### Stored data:
_ _ _ _ _ _ _
lemma lvl_sign:
  assumes "3 \<le> n" "z \<in> {0<..<1}"
  shows "lvl n z < 0 \<longleftrightarrow> z < zl n" "lvl n z = 0 \<longleftrightarrow> z = zl n" "0 < lvl n z \<longleftrightarrow> zl n < z"
proof -
  have e: "lvl n z = (real n - 1) * (ff (zl n) - ff z)"
    using zl_props[OF assms(1)] assms(1) unfolding lvl_def by (simp add: field_simps)
  have p: "real n - 1 > 0" using assms by simp
  show "lvl n z < 0 \<longleftrightarrow> z < zl n"
    unfolding e using ff_less_iff[of "zl n" z] zl_props(1)[OF assms(1)] assms p
    by (simp add: mult_less_0_iff)
  show "lvl n z = 0 \<longleftrightarrow> z = zl n"
    unfolding e using ff_eq_iff[of "zl n" z] zl_props(1)[OF assms(1)] assms p by auto
  show "0 < lvl n z \<longleftrightarrow> zl n < z"
    unfolding e using ff_less_iff[of z "zl n"] zl_props(1)[OF assms(1)] assms p
    by (simp add: zero_less_mult_iff)
qed

section \<open>Identities and derivatives for g and h\<close>

text \<open>Relates g to the levels: it shows g > 0 wherever L_a and L_b have the same sign.\<close>
lemma gg_identity: "ff z * gg a b z = lvl a z * lvl b z + (ff z / (1 - z) - 1)"
  unfolding gg_def lvl_def by (simp add: algebra_simps)

text \<open>The scaled slope (1-z)^2 f'(z) of f; it is strictly increasing, which drives the
  quasiconvexity of g.\<close>
definition ff_slope :: "real \<Rightarrow> real" where
  "ff_slope z = (z + ln (1 - z)) * (1 - z)^2 / z^2"

lemma ff_derivative_eq:
  assumes "0 < z" "z < 1"
  shows "(1 - ff z/(1-z))/z = ff_slope z / (1-z)^2"
proof -
  have "(1 - ff z/(1-z))/z = (z + ln (1 - z)) / z^2"
    unfolding ff_def using assms by (simp add: field_simps power2_eq_square)
  also have "\<dots> = ff_slope z / (1-z)^2"
    unfolding ff_slope_def using assms by simp
  finally show ?thesis .
qed

lemma ff_slope_has_derivative:
  assumes "0 < z" "z < 1"
  shows "(ff_slope has_real_derivative (1 - z) * (- 2 * ln (1 - z) - 2 * z - z^2) / z^3) (at z)"
  unfolding ff_slope_def[abs_def] using assms
  apply (auto intro!: derivative_eq_intros)
   apply (simp add: field_simps power2_eq_square power3_eq_cube)
  apply (simp add: algebra_simps eval_nat_numeral)
  done

lemma ff_slope_strict_mono: "strict_mono_on {0<..<1} ff_slope"
proof (rule strict_mono_onI)
  fix x y :: real assume xy: "x \<in> {0<..<1}" "y \<in> {0<..<1}" "x < y"
  show "ff_slope x < ff_slope y"
  proof (rule DERIV_pos_imp_increasing_open[OF xy(3)])
    fix t assume t: "x < t" "t < y"
    then have "0 < - 2 * ln (1 - t) - 2 * t - t^2" using neg_ln_one_minus_gt[of t] xy by auto
    then have "0 < (1 - t) * (- 2 * ln (1 - t) - 2 * t - t^2) / t^3" using t xy by simp
    then show "\<exists>d. (ff_slope has_real_derivative d) (at t) \<and> 0 < d"
      using ff_slope_has_derivative[of t] t xy by auto
  next
    show "continuous_on {x..y} ff_slope"
      using xy by (intro continuous_at_imp_continuous_on ballI DERIV_isCont[OF ff_slope_has_derivative]) auto
  qed
qed

lemma gg_has_derivative:
  assumes "0 < z" "z < 1"
  shows "(gg a b has_real_derivative ((real b - 1) * (real a - 1) * ff_slope z + 1) / (1 - z)^2) (at z)"
proof -
  have "(gg a b has_real_derivative (1 - ff z/(1-z))/z * (real b - 1) * (real a - 1) + 1/(1-z)^2) (at z)"
    unfolding gg_def[abs_def] using assms
    by (auto intro!: derivative_eq_intros ff_has_derivative simp: power2_eq_square)
  then show ?thesis
    unfolding ff_derivative_eq[OF assms] using assms by (simp add: field_simps)
qed

lemma gg_continuous_on: "0 < x \<Longrightarrow> y < 1 \<Longrightarrow> continuous_on {x..y} (gg a b)"
  by (intro continuous_at_imp_continuous_on ballI DERIV_isCont[OF gg_has_derivative]) auto

text \<open>The positive factor K with h' = K g.\<close>
definition hh_deriv_factor :: "nat \<Rightarrow> nat \<Rightarrow> real \<Rightarrow> real" where
  "hh_deriv_factor a b z =
     real a * real b * (real b - real a) * z powr (real a - real b) * ff z / (z * (real b * lvl b z)^2)"

text \<open>The numerator of (N/D)' for h = N/D, written with P = z^(a-b), F = f(z), w = 1/z, u = 1/(1-z),
  so that P' = (a-b) P w and F' = (1 - F u) w; the result is the numerator of K times g.\<close>
lemma hh_quotient_rule_identity:
  fixes a b P F u w :: real
  shows "(a*((a-b)*P*w) - ((1 - F*u)*w*(a*(a-1)*P - b*(b-1)) + F*(a*(a-1)*((a-b)*P*w))))
           * (b*((b-1)*F - 1))
         - (a*P - b - F*(a*(a-1)*P - b*(b-1))) * (b*((b-1)*((1 - F*u)*w)))
       = a*b*(b-a)*P*F*(F*(b-1)*(a-1) + u + 2 - b - a)*w"
  by (simp add: algebra_simps)

context
  fixes a b :: nat
  assumes ab: "3 \<le> a" "a < b"
begin

lemma b_ge_3: "3 \<le> b"
  using ab by simp

lemma zl_bounds: "0 < zl a" "zl a < 1"
  using zl_props(1)[OF ab(1)] by auto

lemma zr_bounds: "0 < zr b" "zr b < 1"
  using zl_props(1)[OF b_ge_3] zr_eq_zl by auto

lemma zl_less_zr: "zl a < zr b"
proof -
  have "1 / (real b - 1) < 1 / (real a - 1)" using ab by (intro divide_strict_left_mono) auto
  then show ?thesis
    using ff_less_iff[of "zr b" "zl a"] zl_props[OF ab(1)] zl_props[OF b_ge_3] zr_eq_zl by auto
qed

lemma lvl_b_sign:
  assumes "z \<in> {0<..<1}"
  shows "lvl b z < 0 \<longleftrightarrow> z < zr b" "lvl b z = 0 \<longleftrightarrow> z = zr b" "0 < lvl b z \<longleftrightarrow> zr b < z"
  using lvl_sign[OF b_ge_3 assms] zr_eq_zl by auto

lemmas lvl_a_sign = lvl_sign[OF ab(1)]

section \<open>Values and limits of h\<close>

lemma hh_denominator: "real b * ((real b - 1) * ff z - 1) = - (real b * lvl b z)"
  unfolding lvl_def by (simp add: algebra_simps)

lemma hh_pole: "z \<in> {0<..<1} \<Longrightarrow> real b * ((real b - 1) * ff z - 1) = 0 \<longleftrightarrow> z = zr b"
  unfolding hh_denominator using lvl_b_sign(2)[of z] ab by auto

lemma hh_eq:
  assumes "z \<in> {0<..<1}" "z \<noteq> zr b"
  shows "hh a b z = 1 - (real a / real b) * z powr (real a - real b) * (lvl a z / lvl b z)"
proof -
  have "lvl b z \<noteq> 0" using lvl_b_sign(2)[OF assms(1)] assms(2) by simp
  have "real a * z powr (real a - real b) - real b
      - ff z * (real a * (real a - 1) * z powr (real a - real b) - real b * (real b - 1))
    = real a * z powr (real a - real b) * lvl a z - real b * lvl b z"
    unfolding lvl_def by (simp add: algebra_simps)
  then have "hh a b z = (real a * z powr (real a - real b) * lvl a z - real b * lvl b z)
      / (- (real b * lvl b z))"
    unfolding hh_def hh_denominator by simp
  then show ?thesis using \<open>lvl b z \<noteq> 0\<close> ab by (simp add: field_simps)
qed

lemma hh_coefficient_pos: "0 < z \<Longrightarrow> 0 < real a / real b * z powr (real a - real b)"
  using ab by simp

lemma hh_zl: "hh a b (zl a) = 1"
  using hh_eq[of "zl a"] lvl_a_sign(2)[of "zl a"] zl_bounds zl_less_zr by simp

text \<open>Parts (iv)--(vi): h - 1 has the sign of -L_a/L_b.\<close>
lemma hh_le_1_left: "z \<in> {0<..zl a} \<Longrightarrow> hh a b z \<le> 1"
proof -
  assume z: "z \<in> {0<..zl a}"
  then have z01: "z \<in> {0<..<1}" "z \<noteq> zr b" using zl_bounds zl_less_zr by auto
  have "lvl a z \<le> 0" using lvl_a_sign[OF z01(1)] z by force
  moreover have "lvl b z < 0" using lvl_b_sign(1)[OF z01(1)] z zl_less_zr by simp
  ultimately have "0 \<le> lvl a z / lvl b z" by (simp add: divide_nonpos_neg)
  then show ?thesis
    using hh_eq[OF z01] mult_nonneg_nonneg[OF less_imp_le[OF hh_coefficient_pos]] z by fastforce
qed

lemma hh_gt_1_middle: "z \<in> {zl a<..<zr b} \<Longrightarrow> 1 < hh a b z"
proof -
  assume z: "z \<in> {zl a<..<zr b}"
  then have z01: "z \<in> {0<..<1}" "z \<noteq> zr b" using zl_bounds zr_bounds by auto
  have "lvl a z / lvl b z < 0"
    using lvl_a_sign(3)[OF z01(1)] lvl_b_sign(1)[OF z01(1)] z by (simp add: divide_pos_neg)
  then show ?thesis using hh_eq[OF z01] mult_pos_neg[OF hh_coefficient_pos] z01 by fastforce
qed

lemma hh_lt_1_right: "z \<in> {zr b<..<1} \<Longrightarrow> hh a b z < 1"
proof -
  assume z: "z \<in> {zr b<..<1}"
  then have z01: "z \<in> {0<..<1}" "z \<noteq> zr b" using zr_bounds by auto
  have "0 < lvl a z / lvl b z"
    using lvl_a_sign(3)[OF z01(1)] lvl_b_sign(3)[OF z01(1)] z zl_less_zr by simp
  then show ?thesis using hh_eq[OF z01] mult_pos_pos[OF hh_coefficient_pos] z01 by fastforce
qed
_ _ _ _ _ _ _
### ASSIGNMENT:
Using the records above, select and copy every line that has the word "with".

### EXERCISE OUTPUT:
text \<open>The positive factor K with h' = K g.\<close>
text \<open>The numerator of (N/D)' for h = N/D, written with P = z^(a-b), F = f(z), w = 1/z, u = 1/(1-z),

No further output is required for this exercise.